Poland’s government has approved an AAU sale to an unnamed buyer, teeing up the first publicly-known trade of the inter-governmental emission units for at least two years as the deadline to balance national Kyoto Protocol books approaches.
“We will issue the details after the contract will be signed,” a spokeswoman for Poland’s environment ministry said by email on Thursday, after confirming that the government had approved a trade of unspecified size.
No further details, including the price agreed, were available.
The deal comes as nations look to ‘true-up’ their emission unit levels for the 2008-2012 first commitment period of the Kyoto Protocol ahead of a Nov. 18 deadline.
Yet with most nations already comfortably in balance, analysts expect minimal governmental activity to add to the previous deals inked for at least 400 million units in total.
Over 100 million units had been held in registries by private entities up until the end of last year, UN records show, heightening a risk that investors could be left holding worthless units as the AAUs are automatically cancelled after the deadline.

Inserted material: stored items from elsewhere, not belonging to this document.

lemma Sfun_powr_constraint_image_eq_Sfun_Nehari_image:
  assumes "0 < k"
  shows "(\<lambda>p. Sfun (fst p) (snd p) powr ((real k + 1) / real k)) `
           {(u, v). u \<in> H1 \<and> v \<in> H1 \<and> Ptilde k a b c d u v = 1}
         = (\<lambda>p. Sfun (fst p) (snd p)) ` Nehari k a b c d" (is "?lhs = ?rhs")
proof
  show "?lhs \<subseteq> ?rhs"
  proof (rule image_subsetI, clarify)
    fix u v assume uv: "u \<in> H1" "v \<in> H1" "Ptilde k a b c d u v = 1"
    show "Sfun (fst (u, v)) (snd (u, v)) powr ((real k + 1) / real k) \<in> ?rhs"
      by (rule rev_image_eqI[OF constraint_rescaled_into_Nehari(1)[OF assms uv]])
        (simp add: constraint_rescaled_into_Nehari(2)[OF assms uv])
  qed
  show "?rhs \<subseteq> ?lhs"
  proof (rule image_subsetI, clarify)
    fix u v assume uv: "(u, v) \<in> Nehari k a b c d"
    note rescaled = Nehari_rescaled_into_constraint[OF assms uv]
    show "Sfun (fst (u, v)) (snd (u, v)) \<in> ?lhs"
      by (rule rev_image_eqI[of "(\<lambda>x. _ * u x, \<lambda>x. _ * v x)"]) (use rescaled in auto)
  qed
qed

section \<open>Infima in the extended reals\<close>

lemma ereal_mult_INF:
  "0 < c \<Longrightarrow> ereal c * (INF i\<in>I. f i) = (INF i\<in>I. ereal c * f i)"
  using ereal_Inf_cmult[of c "\<lambda>x. x \<in> f ` I"] by (simp add: setcompr_eq_image image_comp)

lemma ereal_powr_INF:
  fixes f :: "'a \<Rightarrow> real"
  assumes "\<And>i. i \<in> I \<Longrightarrow> 0 \<le> f i" "0 < q"
  shows "ereal_powr (INF i\<in>I. ereal (f i)) q = (INF i\<in>I. ereal (f i powr q))"
proof (cases "I = {}")
  case True
  then show ?thesis by (simp add: ereal_powr_def top_ereal_def)
next
  case False
  have bdd: "bdd_below (f ` I)" "bdd_below ((\<lambda>i. f i powr q) ` I)"
    using assms(1) by (auto intro: bdd_belowI2[of _ 0])
  have "max 0 (Inf (f ` I)) powr q = (INF x\<in>f ` I. max 0 x powr q)"
  proof (rule continuous_at_Inf_mono)
    show "mono (\<lambda>x. max 0 x powr q)"
      using assms(2) by (auto intro!: monoI powr_mono2)
    have "continuous_on UNIV (\<lambda>x::real. max 0 x powr q)"
      using assms(2) by (intro continuous_on_powr' continuous_intros) auto
    then show "continuous (at_right (Inf (f ` I))) (\<lambda>x. max 0 x powr q)"
      by (simp add: continuous_on_eq_continuous_at continuous_at_imp_continuous_at_within)
  qed (use False bdd in auto)
  moreover have "0 \<le> Inf (f ` I)"
    using False assms(1) by (auto intro: cINF_greatest)
  moreover have "(INF x\<in>f ` I. max 0 x powr q) = (INF i\<in>I. f i powr q)"
    unfolding image_comp o_def using assms(1) by (intro INF_cong refl) (simp add: max_absorb2)
  ultimately have "Inf (f ` I) powr q = (INF i\<in>I. f i powr q)"
    by simp
  then show ?thesis
    using ereal_Inf'[OF bdd(1), symmetric] ereal_Inf'[OF bdd(2), symmetric] False
    by (simp add: ereal_powr_def image_comp)
qed

theorem lemma5p1:
  fixes k :: nat and a b c d :: real
  assumes "k \<ge> 1" and "a \<ge> 0" and "b \<ge> 0" and "c \<ge> 0" and "d \<ge> 0"
  shows "lambda1 k a b c d = ereal ((2 * real k + 2) / real k) * omegaN k a b c d"
proof -
  \<comment> \<open>Only the homogeneity of \<open>H\<close> enters.\<close>
  have k: "0 < k" using assms(1) by simp
  let ?A = "{(u, v). u \<in> H1 \<and> v \<in> H1 \<and> Ptilde k a b c d u v = 1}"
  let ?S = "\<lambda>p. Sfun (fst p) (snd p)" and ?q = "(real k + 1) / real k"
  have "lambda1 k a b c d = (INF p\<in>?A. ereal (?S p powr ?q))"
    unfolding lambda1_def S1_def using k Sfun_nonneg by (intro ereal_powr_INF) auto
  also have "\<dots> = (INF y\<in>(\<lambda>p. ?S p powr ?q) ` ?A. ereal y)"
    by (simp add: image_comp)
  also have "\<dots> = (INF p\<in>Nehari k a b c d. ereal (?S p))"
    by (simp add: Sfun_powr_constraint_image_eq_Sfun_Nehari_image[OF k] image_comp)
  also have "\<dots> = (INF p\<in>Nehari k a b c d. ereal ((2 * real k + 2) / real k) * ereal (Ifun k a b c d (fst p) (snd p)))"
    using Nehari_Ifun[OF k] by (intro INF_cong) auto
  also have "\<dots> = ereal ((2 * real k + 2) / real k) * omegaN k a b c d"
    unfolding omegaN_def using k by (simp add: ereal_mult_INF)
  finally show ?thesis .
qed

end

Poland has been the biggest AAU seller to date, according to a report by Austria’s Joanneum Research Institute.
It has sold 138 million AAUs to Spain, Japan, Ireland and the World Bank, which operated funds to procure the units on behalf of governments struggling to meet their Kyoto goals.
AAUs changed hands for as much as €14 each in 2008, but prices fell to below €1 by 2012 as the economic downturn helped cut emissions in potential buyer nations and developers issued vast numbers of UN offset credits.
“I don’t expect many more AAU trades. There could be some final tidying up, but why leave it to the last minute with today’s prices?” said Frank Melum, an analyst with Thomson Reuters Point Carbon.
He said Spain and Luxembourg might be the most likely buyers as EU data in 2013 suggested they had a Kyoto shortfall.
Under UN rules, governments can use AAUs or CER and ERU offsets to meet Kyoto targets, giving them some flexibility as to whether they cut emissions domestically or buy units from abroad.
Eastern European nations were the sellers, having a massive collective surplus of around 12 billion as their emissions collapsed in the 1990s after the fall of the Soviet Union.
AAUs were bought on condition that seller governments used the money to implement environmentally-friendly policies and measures under so-called Green Investment Schemes.
While most Kyoto Protocol nations kept their AAU allocations, UN records suggest at least 110 million of the units were still held by private entities in national registry accounts at the end of last year, including 53 million in Russia, 48 million in the EU, and 11 million in Switzerland.
While Japan allowed its companies to use AAUs to meet domestic emission goals, making its firms keen buyers, UN records show just 0.2 million were left in private accounts by the end of 2014.
New Zealand’s government announced earlier this month it will ensure that private holders of cancelled AAUs generated in the country will get access to an equal amount of other permits in its domestic carbon market.
But it said any company still holding units originating in other nations will have those cancelled without compensation. Some 3 million of the units were held in private accounts in New Zealand’s registry at end-2014.
While AAUs have been virtually worthless for several years, as the final deadline approaches there could be a greater risk of unscrupulous sellers seeking to offload the units.
Carbon Pulse has learned of one seller offering several million AAUs in recent weeks, claiming that the government registry holding them was no longer able to properly cancel the units.